Tammy Wynette Is Passion Personified

The Tampa Tribune

March 2, 1978

By Greg Tozian

Tribune Staff Writer

Plant City — Mildred Lee sat munching carnival-stand popcorn in a mobile home behind the stage at the Strawberry Festival grounds Monday night, waiting for the second performance of country superstar Tammy Wynette.

A polite fiftyish-looking woman with gray-brown hair, Lee, like almost everyone else who’d seen the first show that evening, was talking about the blonde country singing star.

Only she knew Tammy Wynette better than everyone else.

Less is Wynette’s mother.

“She (Tammy) started singing before she went to school. She was always in little talent shows and things,” said Lee about her now world-famous daughter.

“But we never pushed her when she was growing up,” Lee said of her only child. “She always wanted to sing. And I don’t know what she would have done if she couldn’t have. It’s her life.”

The singing idol’s mother added that Wynette’s real name, Virginia Wynette Pugh, was changed by her producer more than 10 years ago, “because Tammy sounds more commercial than Virginia.”

Fifty feet away, in her plush red-velvet-lined private bus, the former Virginia Wynette Pugh was greeting hordes of local residents and well-wishers, after her one-hour opening performance.

Wynette, wearing her golden hair in regal swirls atop a face as pretty as any of her album cover likenesses, smiled and clutched an armful of long stemmed red roses.

The bright light of flash bulbs, pointed at the country queen, popped constantly inside the bus.

“Thank you,” said Wynette politely, smiling each time a photographer, professional or amateur, took her picture.

About 20 minutes before the second, 8 p.m. show was to begin, Wynettes’ manager diplomatically backed the curious fans off of the singer’s bus so the band could change for the last performance.

At 8 p.m. sharp, Wynette’s six-piece band strode on stage wearing black tuxedos and white ruffled shirts ad tuned up their instruments.

When “the First Lady of Country Music” walked out smiling for the second show she was greeted by thunderous applause from the thousands of people crowding the grandstands, an echo of the accolade she’d received two hours before for her first performance.

The tall singer bowed gracefully.

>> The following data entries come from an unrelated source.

(* Let $G=(V,E)$ be a finite simple undirected graph with $k$ vertices and let $n\ge k$ be an integer. Then $Y(n,G)\le D(n,k)$, with equality only if $G$ is the complete graph $K_k$.
   Context: A walk of length $n-1$ in a graph is a sequence of $n$ vertices $v_1,\dots,v_n$ such that $\{v_i,v_{i+1}\}$ is an edge for each $i$. $Y(n,G)$ denotes the number of walks of length $n-1$ in $G$ that visit every vertex of $G$ at least once. $D(n,k)=Y(n,K_k)$, where $K_k$ is the complete graph on $k$ (labelled) vertices. *)

theory Defs
  imports Main
begin

definition simple_graph :: "'a set \<Rightarrow> ('a \<Rightarrow> 'a \<Rightarrow> bool) \<Rightarrow> bool" where
  "simple_graph V E \<longleftrightarrow> finite V \<and> (\<forall>x y. E x y \<longrightarrow> x \<in> V \<and> y \<in> V)
     \<and> (\<forall>x y. E x y \<longrightarrow> E y x) \<and> (\<forall>x. \<not> E x x)"

text \<open>A walk of length n-1: a sequence of n vertices v_1..v_n (a list of length n)
with consecutive vertices adjacent.\<close>
definition is_walk :: "'a set \<Rightarrow> ('a \<Rightarrow> 'a \<Rightarrow> bool) \<Rightarrow> nat \<Rightarrow> 'a list \<Rightarrow> bool" where
  "is_walk V E n ws \<longleftrightarrow> length ws = n \<and> set ws \<subseteq> V
     \<and> (\<forall>i. i + 1 < n \<longrightarrow> E (ws ! i) (ws ! (i + 1)))"

definition Y :: "nat \<Rightarrow> 'a set \<Rightarrow> ('a \<Rightarrow> 'a \<Rightarrow> bool) \<Rightarrow> nat" where
  "Y n V E = card {ws. is_walk V E n ws \<and> V \<subseteq> set ws}"

definition D :: "nat \<Rightarrow> nat \<Rightarrow> nat" where
  "D n k = Y n {0..<k} (\<lambda>x y. x \<noteq> y)"

definition is_complete :: "'a set \<Rightarrow> ('a \<Rightarrow> 'a \<Rightarrow> bool) \<Rightarrow> bool" where
  "is_complete V E \<longleftrightarrow> (\<forall>x\<in>V. \<forall>y\<in>V. x \<noteq> y \<longrightarrow> E x y)"

end

theory Submission
  imports Defs
begin

text \<open>A bijection f from V onto the vertices of K_k maps covering walks of G injectively to
covering walks of K_k, since adjacent vertices of G are distinct. If u, v are distinct
non-adjacent vertices of G, a covering walk of K_k starting with f u, f v (which exists once
n \<ge> k) has no preimage, so the inequality is strict.\<close>

definition covering_walks :: "'a set \<Rightarrow> ('a \<Rightarrow> 'a \<Rightarrow> bool) \<Rightarrow> nat \<Rightarrow> 'a list set" where
  "covering_walks V E n = {ws. is_walk V E n ws \<and> V \<subseteq> set ws}"

lemma Y_eq_card_covering_walks: "Y n V E = card (covering_walks V E n)"
  by (simp add: Y_def covering_walks_def)

lemma finite_covering_walks:
  assumes "finite V"
  shows "finite (covering_walks V E n)"
proof (rule finite_subset)
  show "covering_walks V E n \<subseteq> {xs. set xs \<subseteq> V \<and> length xs = n}"
    by (auto simp: covering_walks_def is_walk_def)
  show "finite {xs. set xs \<subseteq> V \<and> length xs = n}"
    using finite_lists_length_eq[OF assms] .
qed

lemma is_walk_snoc:
  assumes "is_walk V E n ws" "n \<ge> 1" "x \<in> V" "E (last ws) x"
  shows "is_walk V E (Suc n) (ws @ [x])"
proof -
  have len: "length ws = n" and steps: "\<forall>i. i + 1 < n \<longrightarrow> E (ws ! i) (ws ! (i + 1))"
    using assms(1) by (auto simp: is_walk_def)
  have last: "last ws = ws ! (n - 1)"
    using len assms(2) by (cases ws) (auto simp: last_conv_nth)
  have "E ((ws @ [x]) ! i) ((ws @ [x]) ! (i + 1))" if "i + 1 < Suc n" for i
  proof (cases "i + 1 < n")
    case True
    then show ?thesis using steps len by (simp add: nth_append)
  next
    case False
    then have "i = n - 1" using that by simp
    then show ?thesis using assms(2,4) last len by (simp add: nth_append)
  qed
  then show ?thesis using assms(1,3) len by (auto simp: is_walk_def)
qed

lemma is_walk_map:
  assumes "is_walk V E n ws" "f ` V \<subseteq> V'"
    and "\<And>x y. x \<in> V \<Longrightarrow> y \<in> V \<Longrightarrow> E x y \<Longrightarrow> E' (f x) (f y)"
  shows "is_walk V' E' n (map f ws)"
proof -
  have len: "length ws = n" and sub: "set ws \<subseteq> V"
    and steps: "\<And>i. i + 1 < n \<Longrightarrow> E (ws ! i) (ws ! (i + 1))"
    using assms(1) by (auto simp: is_walk_def)
  have "E' (f (ws ! i)) (f (ws ! (i + 1)))" if "i + 1 < n" for i
    using assms(3) steps[OF that] sub len that by (simp add: subset_code(1))
  then show ?thesis using len sub assms(2) by (auto simp: is_walk_def)
qed

lemma map_covering_walks_subset:
  assumes "bij_betw f V V'"
    and hom: "\<And>x y. x \<in> V \<Longrightarrow> y \<in> V \<Longrightarrow> E x y \<Longrightarrow> E' (f x) (f y)"
  shows "map f ` covering_walks V E n \<subseteq> covering_walks V' E' n"
proof
  fix w assume "w \<in> map f ` covering_walks V E n"
  then obtain ws where ws: "is_walk V E n ws" "V \<subseteq> set ws" and w: "w = map f ws"
    by (auto simp: covering_walks_def)
  have image: "f ` V = V'" using assms(1) by (simp add: bij_betw_def)
  have "is_walk V' E' n w"
    unfolding w by (rule is_walk_map[OF ws(1)]) (use image hom in auto)
  moreover have "V' \<subseteq> set w" using image ws(2) w by auto
  ultimately show "w \<in> covering_walks V' E' n" by (simp add: covering_walks_def)
qed

lemma inj_on_map_covering_walks:
  assumes "inj_on f V"
  shows "inj_on (map f) (covering_walks V E n)"
  by (rule inj_on_mapI, rule inj_on_subset[OF assms])
    (auto simp: covering_walks_def is_walk_def)

lemma Y_le_of_bij_hom:
  assumes "finite V'" "bij_betw f V V'"
    and "\<And>x y. x \<in> V \<Longrightarrow> y \<in> V \<Longrightarrow> E x y \<Longrightarrow> E' (f x) (f y)"
  shows "Y n V E \<le> Y n V' E'"
proof -
  have "map f ` covering_walks V E n \<subseteq> covering_walks V' E' n"
    by (rule map_covering_walks_subset[OF assms(2)]) (auto intro: assms(3))
  with bij_betw_imp_inj_on[OF assms(2)] show ?thesis
    unfolding Y_eq_card_covering_walks
    by (intro card_inj_on_le[OF inj_on_map_covering_walks _ finite_covering_walks[OF assms(1)]])
qed

lemma Y_less_of_bij_hom:
  assumes "finite V'" "bij_betw f V V'"
    and hom: "\<And>x y. x \<in> V \<Longrightarrow> y \<in> V \<Longrightarrow> E x y \<Longrightarrow> E' (f x) (f y)"
    and "u \<in> V" "v \<in> V" "\<not> E u v"
    and w: "w \<in> covering_walks V' E' n" "i + 1 < n" "w ! i = f u" "w ! (i + 1) = f v"
  shows "Y n V E < Y n V' E'"
proof -
  have inj: "inj_on f V" using assms(2) by (rule bij_betw_imp_inj_on)
  have "w \<notin> map f ` covering_walks V E n"
  proof
    assume "w \<in> map f ` covering_walks V E n"
    then obtain ws where ws: "is_walk V E n ws" and "w = map f ws"
      by (auto simp: covering_walks_def)
    then have edge: "E (ws ! i) (ws ! (i + 1))" and "ws ! i \<in> V" "ws ! (i + 1) \<in> V"
         and "f (ws ! i) = f u" "f (ws ! (i + 1)) = f v"
      using w(2-4) nth_mem[of i ws] nth_mem[of "i + 1" ws] by (auto simp: is_walk_def)
    then have "ws ! i = u" "ws ! (i + 1) = v"
      using assms(4,5) inj by (auto simp: inj_on_def)
    then show False using edge assms(6) by simp
  qed
  moreover have "map f ` covering_walks V E n \<subseteq> covering_walks V' E' n"
    by (rule map_covering_walks_subset[OF assms(2)]) (auto intro: hom)
  ultimately have "map f ` covering_walks V E n \<subset> covering_walks V' E' n"
    using w(1) by blast
  then have "card (map f ` covering_walks V E n) < card (covering_walks V' E' n)"
    by (rule psubset_card_mono[OF finite_covering_walks[OF assms(1)]])
  then show ?thesis
    by (simp add: Y_eq_card_covering_walks card_image[OF inj_on_map_covering_walks[OF inj]])
qed

text \<open>Base case: list a, b first and the remaining vertices in any order; longer walks
alternate between a and b at the end.\<close>
lemma complete_covering_walk_exists:
  assumes "finite V" "a \<in> V" "b \<in> V" "a \<noteq> b" "card V \<le> n"
  shows "\<exists>ws \<in> covering_walks V (\<lambda>x y. x \<noteq> y) n. ws ! 0 = a \<and> ws ! 1 = b"
  using assms(5)
proof (induction n rule: dec_induct)
  case base
  obtain rest where rest: "set rest = V - {a, b}" "distinct rest"
    using finite_distinct_list[of "V - {a, b}"] assms(1) by auto
  define L where "L = a # b # rest"
  have distinct: "distinct L" and set: "set L = V"
    using assms rest by (auto simp: L_def)
  then have len: "length L = card V" using distinct_card by fastforce
  then have "\<forall>i. i + 1 < card V \<longrightarrow> L ! i \<noteq> L ! (i + 1)"
    using distinct by (simp add: nth_eq_iff_index_eq)
  then have "L \<in> covering_walks V (\<lambda>x y. x \<noteq> y) (card V)"
    using set len by (simp add: covering_walks_def is_walk_def)
  then show ?case by (intro bexI[of _ L]) (auto simp: L_def)
next
  case (step m)
  then obtain ws where ws: "is_walk V (\<lambda>x y. x \<noteq> y) m ws" "V \<subseteq> set ws"
    and start: "ws ! 0 = a" "ws ! 1 = b"
    by (auto simp: covering_walks_def)
  have "card {a, b} \<le> card V" using assms by (intro card_mono) auto
  then have m: "m \<ge> 2" using step(1) assms(4) by simp
  have len: "length ws = m" using ws(1) by (simp add: is_walk_def)
  define x where "x = (if last ws = a then b else a)"
  have "is_walk V (\<lambda>x y. x \<noteq> y) (Suc m) (ws @ [x])"
    using is_walk_snoc[OF ws(1)] m assms by (auto simp: x_def)
  moreover have "(ws @ [x]) ! 0 = a" "(ws @ [x]) ! 1 = b"
    using start len m by (auto simp: nth_append)
  ultimately show ?case
    using ws(2) by (intro bexI[of _ "ws @ [x]"]) (auto simp: covering_walks_def)
qed

theorem mainTheorem2:
  fixes V :: "'a set" and E :: "'a \<Rightarrow> 'a \<Rightarrow> bool" and n k :: nat
  assumes "simple_graph V E" and "card V = k" and "n \<ge> k"
  shows "Y n V E \<le> D n k \<and> (Y n V E = D n k \<longrightarrow> is_complete V E)"
proof -
  have fin: "finite V" and irrefl: "\<And>x. \<not> E x x"
    using assms(1) by (auto simp: simple_graph_def)
  obtain f where f: "bij_betw f V {0..<k}"
    using finite_same_card_bij[OF fin, of "{0..<k}"] assms(2) by auto
  have hom: "f x \<noteq> f y" if "x \<in> V" "y \<in> V" "E x y" for x y
    using that irrefl inj_onD[OF bij_betw_imp_inj_on[OF f]] by metis
  have le: "Y n V E \<le> D n k"
    unfolding D_def by (rule Y_le_of_bij_hom[OF _ f]) (simp_all add: hom)
  have "Y n V E < D n k" if incomplete: "\<not> is_complete V E"
  proof -
    obtain u v where uv: "u \<in> V" "v \<in> V" "u \<noteq> v" "\<not> E u v"
      using incomplete by (auto simp: is_complete_def)
    have fuv: "f u \<in> {0..<k}" "f v \<in> {0..<k}" "f u \<noteq> f v"
      using uv f by (auto simp: bij_betw_def inj_on_def)
    then obtain w where w: "w \<in> covering_walks {0..<k} (\<lambda>x y. x \<noteq> y) n"
      "w ! 0 = f u" "w ! 1 = f v"
      using complete_covering_walk_exists[of "{0..<k}", OF _ fuv] assms(3) by auto
    have "1 < n" using fuv assms(3) by auto
    then show ?thesis
      unfolding D_def
      by (intro Y_less_of_bij_hom[where E = E and i = 0, OF _ f _ uv(1,2,4) w(1)])
        (use hom w(2,3) in simp_all)
  qed
  with le show ?thesis by fastforce
qed

end
lemma inj_on_add_monotone_ranking:
  fixes g :: "'a \<Rightarrow> int"
  assumes "inj_on r B" "\<forall>x\<in>B. \<forall>y\<in>B. r x < r y \<longrightarrow> g x \<le> g y" "c > 0"
  shows "inj_on (\<lambda>x. g x + int c * int (r x)) B"
proof (rule inj_onI)
  have not_less: "\<not> r x < r y"
    if "x \<in> B" "y \<in> B" "g x + int c * int (r x) = g y + int c * int (r y)" for x y
  proof
    assume "r x < r y"
    then have "g x \<le> g y" "int c * int (r x) < int c * int (r y)"
      using assms(2,3) that(1,2) by simp_all
    then show False using that(3) by linarith
  qed
  fix x y assume "x \<in> B" "y \<in> B" "g x + int c * int (r x) = g y + int c * int (r y)"
  then have "r x = r y" using not_less by (metis nat_neq_iff)
  then show "x = y" using assms(1) \<open>x \<in> B\<close> \<open>y \<in> B\<close> by (auto dest: inj_onD)
qed

locale join_labeling =
  fixes A B :: "'a set" and E :: "'a set set" and DB :: "('a \<times> 'a) set"
    and \<tau>B :: "'a \<times> 'a \<Rightarrow> nat" and ra rb :: "'a \<Rightarrow> nat"
  assumes finite_A: "finite A" and finite_B: "finite B" and disjoint: "A \<inter> B = {}"
    and A_nonempty: "A \<noteq> {}" and B_nonempty: "B \<noteq> {}"
    and simple: "simple_graph B E"
    and orientation_DB: "is_orientation (A \<union> B) E DB"
    and bij_\<tau>B: "bij_betw \<tau>B DB {1..card DB}"
    and bij_ra: "bij_betw ra A {..<card A}"
    and bij_rb: "bij_betw rb B {..<card B}"
    and rb_sorted: "\<forall>x\<in>B. \<forall>y\<in>B. rb x < rb y \<longrightarrow> vertex_sum DB \<tau>B x \<le> vertex_sum DB \<tau>B y"
begin

definition arcs :: "('a \<times> 'a) set" where
  "arcs = DB \<union> A \<times> B"

definition label :: "'a \<times> 'a \<Rightarrow> nat" where
  "label x = (if x \<in> DB then \<tau>B x else card DB + 1 + (ra (fst x) * card B + rb (snd x)))"

lemma finite_DB: "finite DB"
  using finite_orientation orientation_DB simple_graph_finite_edges[OF finite_B simple] by blast

lemma DB_in_B: "x \<in> DB \<Longrightarrow> fst x \<in> B \<and> snd x \<in> B"
  using orientation_arc_simple[OF orientation_DB simple] by blast

lemma DB_product_disjoint: "DB \<inter> A \<times> B = {}"
  using DB_in_B disjoint by fastforce

lemma is_orientation_arcs: "is_orientation (A \<union> B) (E \<union> complete_bipartite_edges A B) arcs"
  unfolding arcs_def
proof (rule is_orientation_Un[OF orientation_DB is_orientation_product[OF disjoint]])
  have "e \<subseteq> B" if "e \<in> E" for e
    using simple that unfolding simple_graph_def by blast
  moreover have "e \<inter> A \<noteq> {}" if "e \<in> complete_bipartite_edges A B" for e
    using that unfolding complete_bipartite_edges_def by blast
  ultimately show "E \<inter> complete_bipartite_edges A B = {}"
    using disjoint by blast
qed
lemma visited_Suc_mono:
  assumes s: "s \<in> {1..N}" and "Suc \<tau> < N"
  shows "visited N e H s \<tau> \<subseteq> visited N e H s (Suc \<tau>)"
proof -
  have "card (blocked_steps N e H s (Suc \<tau>)) \<le> Suc (card (blocked_steps N e H s \<tau>))"
    by (simp add: blocked_steps_Suc card_insert_if)
  then have "fwd_dist N s (rstate N e H s \<tau>) \<le> fwd_dist N s (rstate N e H s (Suc \<tau>))"
    using fwd_dist_rstate[OF s, of \<tau> e H] fwd_dist_rstate[OF s, of "Suc \<tau>" e H] \<open>Suc \<tau> < N\<close>
    by simp
  then show ?thesis
    using s rstate_in_range[OF s, of e H \<tau>] rstate_in_range[OF s, of e H "Suc \<tau>"]
    by (auto simp: visited_def mem_cint_iff simp del: rstate.simps)
qed

lemma roundabout_active_prune:
  "roundabout_active N e H t A \<Longrightarrow> \<tau> \<in> {1..t} \<Longrightarrow>
   prune_outcome (\<lambda>s. visited N e H s \<tau>) (A (\<tau> - 1)) (A \<tau>)"
  by (simp add: roundabout_active_def)

lemma roundabout_active_cover:
  assumes act: "roundabout_active N e H t A" and "t < N" and "\<tau> \<le> t"
  shows "A \<tau> \<subseteq> {1..N}" and "(\<Union>s\<in>A \<tau>. visited N e H s \<tau>) = {1..N}"
proof -
  have "A \<tau> \<subseteq> {1..N} \<and> (\<Union>s\<in>A \<tau>. visited N e H s \<tau>) = {1..N}"
    using \<open>\<tau> \<le> t\<close>
  proof (induction \<tau>)
    case 0
    have "visited N e H s 0 = {s}" for s by (simp add: visited_def cint_def)
    then show ?case using act by (simp add: roundabout_active_def)
  next
    case (Suc \<tau>)
    then have IH: "A \<tau> \<subseteq> {1..N}" "(\<Union>s\<in>A \<tau>. visited N e H s \<tau>) = {1..N}" by simp_all
    have grow: "visited N e H s \<tau> \<subseteq> visited N e H s (Suc \<tau>)"
      and range: "visited N e H s (Suc \<tau>) \<subseteq> {1..N}" if "s \<in> A \<tau>" for s
    proof -
      have s: "s \<in> {1..N}" using that IH(1) by blast
      show "visited N e H s \<tau> \<subseteq> visited N e H s (Suc \<tau>)"
        by (rule visited_Suc_mono[OF s]) (use Suc.prems \<open>t < N\<close> in linarith)
      show "visited N e H s (Suc \<tau>) \<subseteq> {1..N}" by (rule visited_subset_range[OF s])
    qed
    have "(\<Union>s\<in>A \<tau>. visited N e H s (Suc \<tau>)) = {1..N}"
    proof
      show "(\<Union>s\<in>A \<tau>. visited N e H s (Suc \<tau>)) \<subseteq> {1..N}" using range by blast
      show "{1..N} \<subseteq> (\<Union>s\<in>A \<tau>. visited N e H s (Suc \<tau>))" using IH(2) grow by blast
    qed
    moreover note prune_outcome_subset_UN[OF roundabout_active_prune[OF act, of "Suc \<tau>"]]
    ultimately show ?case using IH(1) Suc.prems by simp
  qed
  then show "A \<tau> \<subseteq> {1..N}" and "(\<Union>s\<in>A \<tau>. visited N e H s \<tau>) = {1..N}" by simp_all
qed
lemma absorption_flow_nonneg: "j \<in> {1..m} \<Longrightarrow> 0 \<le> absorption_flow \<theta> j"
  unfolding absorption_flow_def using occupation_nonneg trans_prob_nonneg visited_range
  by (intro sum_nonneg mult_nonneg_nonneg) auto

lemma absorption_flow_sum: "absorption_flow \<theta> i1 + absorption_flow \<theta> i0 = init_transient"
  using absorbed_flow[of \<theta>] unfolding absorb_prob_def absorption_flow_def
  by (simp add: distrib_left sum.distrib)

lemma probH_never_stop_eq: "probH m sg P never_stop \<theta> = init P i1 + absorption_flow \<theta> i1"
  unfolding probH_never_stop_occupation absorption_flow_def using occupation_eq_visited[OF i1] .

lemma one_minus_probH_never_stop_eq: "1 - probH m sg P never_stop \<theta> = init P i0 + absorption_flow \<theta> i0"
  using absorption_certain[of \<theta>] occupation_eq_visited[OF i0]
  unfolding probL_never_stop_occupation absorption_flow_def by simp

lemma absorption_flow_True_le:
  assumes j: "j \<in> {1..m}" and M: "0 \<le> M" "\<And>i. i \<in> visited \<Longrightarrow> occupation_ratio i \<le> M"
  shows "absorption_flow True j \<le> max_lr * M * absorption_flow False j"
  unfolding absorption_flow_def sum_distrib_left
proof (rule sum_mono)
  fix i assume i: "i \<in> visited"
  have ir: "i \<in> {1..m}" using visited_range[OF i] .
  have "occupation True i \<le> M * occupation False i" unfolding occupation_True_eq[OF i]
    using M(2)[OF i] occupation_nonneg[OF ir] by (intro mult_right_mono) auto
  moreover have "trans_prob True i j \<le> max_lr * trans_prob False i j"
    using trans_prob_True_le[OF ir j] .
  moreover have "0 \<le> occupation True i" "0 \<le> trans_prob True i j"
    using occupation_nonneg[OF ir] trans_prob_nonneg[OF ir j] by auto
  ultimately have "occupation True i * trans_prob True i j
      \<le> (M * occupation False i) * (max_lr * trans_prob False i j)"
    using M(1) occupation_nonneg[OF ir] by (intro mult_mono) auto
  then show "occupation True i * trans_prob True i j
      \<le> max_lr * M * (occupation False i * trans_prob False i j)"
    by (simp add: algebra_simps)
qed
(* Let $w\in P_4$ be one of the monomials $x_1x_2^{6}x_3^{6}x_4$, $x_1x_2^{2}x_3^{6}x_4^{5}$, $x_1x_2^{6}x_3^{2}x_4^{5}$, $x_1x_2^{6}x_3^{3}x_4^{4}$, $x_1^{3}x_2^{4}x_3x_4^{6}$, $x_1^{3}x_2^{4}x_3^{5}x_4^{2}$, $x_1^{3}x_2^{5}x_3^{4}x_4^{2}$, $x_1^{3}x_2^{4}x_3^{3}x_4^{4}$, $x_1^{3}x_2^{4}x_3^{4}x_4^{3}$. Then for every $1\le i\le5$ the monomial $x_i^7f_i(w)\in P_5$ is strictly inadmissible.
   Context: $P_k=\mathbb F_2[x_1,\dots,x_k]$, $\deg x_i=1$, modules over the mod-2 Steenrod algebra $\mathcal A$. For $1\le i\le5$, $f_i:P_4\to P_5$ is the algebra homomorphism with $f_i(x_u)=x_u$ for $u<i$ and $f_i(x_u)=x_{u+1}$ for $i\le u\le4$. $\mathcal A(s-1)$ is the sub-Hopf algebra generated by $Sq^r$, $0\le r<2^s$, with augmentation ideal $\mathcal A(s-1)^+$. For $x=x_1^{a_1}\cdots x_5^{a_5}$: weight vector $\omega_i(x)=\sum_j\alpha_{i-1}(a_j)$ ($\alpha_r(a)$ the $r$-th binary digit), exponent vector $\sigma(x)=(a_1,\dots,a_5)$, both ordered left-lexicographically; for monomials of equal degree, $x<y$ iff $\omega(x)<\omega(y)$, or $\omega(x)=\omega(y)$ and $\sigma(x)<\sigma(y)$. $P_5^-(\omega)$ is spanned by monomials $y$ of degree $\sum_i2^{i-1}\omega_i$ with $\omega(y)<\omega$. A monomial $x$ is strictly inadmissible if there are monomials $y_1,\dots,y_r<x$ with $x+\sum_jy_j\in\mathcal A(s-1)^+P_5+P_5^-(\omega(x))$, where $s=\max\{i:\omega_i(x)>0\}$. *)

theory Defs
  imports Main
begin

Her full-length black gown was slit up the sides, revealing long shapely legs, and her spangled black jacket glittered almost as brightly as the huge diamond ring on her right hand.

The band went immediately into a rousing rendition of “Your Good Girl’s Gonna Go Bad,” a characteristic Wynette favorite.

Like the majority Wynette’s 34 gold records, the opening tune told the tale of a woman with man troubles — or if you like — just plain troubles.

But Wynette’s own style of country music, while it does tend to center around lamenting housewives, is still somehow univeral.

Her popularity goes way beyond the country market, allowing her to be jut as vigorously accepted in New York as she was Monday at Plant City.

At the Strawberry Festival, Wynette’s voice was honey-dipped sorrow as she crooned favorites like, “I Don’t Wanna Play House,” where a little girl explains that “playing house” makes her mommy cry because her daddy’s left home.

Throughout the show, whether singing gospels like “Amazing Grace,” or one of her numerous million-sellers, the singer’s voice was clear, effortless and sweeter than the strawberries that were being served in the nearby exhibit building.

Between beautifully sung numbers, the show was peppered with smart remarks by band members, about Wynette’s much publicized divorce from veteran singing star George Jones.

But the majority of the interest and affection was centered around Tammy Wynette’s one-of-a-kind, lilting voice.

And when the 36-year-old, ex-beautican-turned-top-female-vocalist walked into the grandstand trailing a 300-foot microphone chord to sing the classic “Stand By Your Man,” there could be no doubt.

Tammy Wynette is a star. But she’s real people too.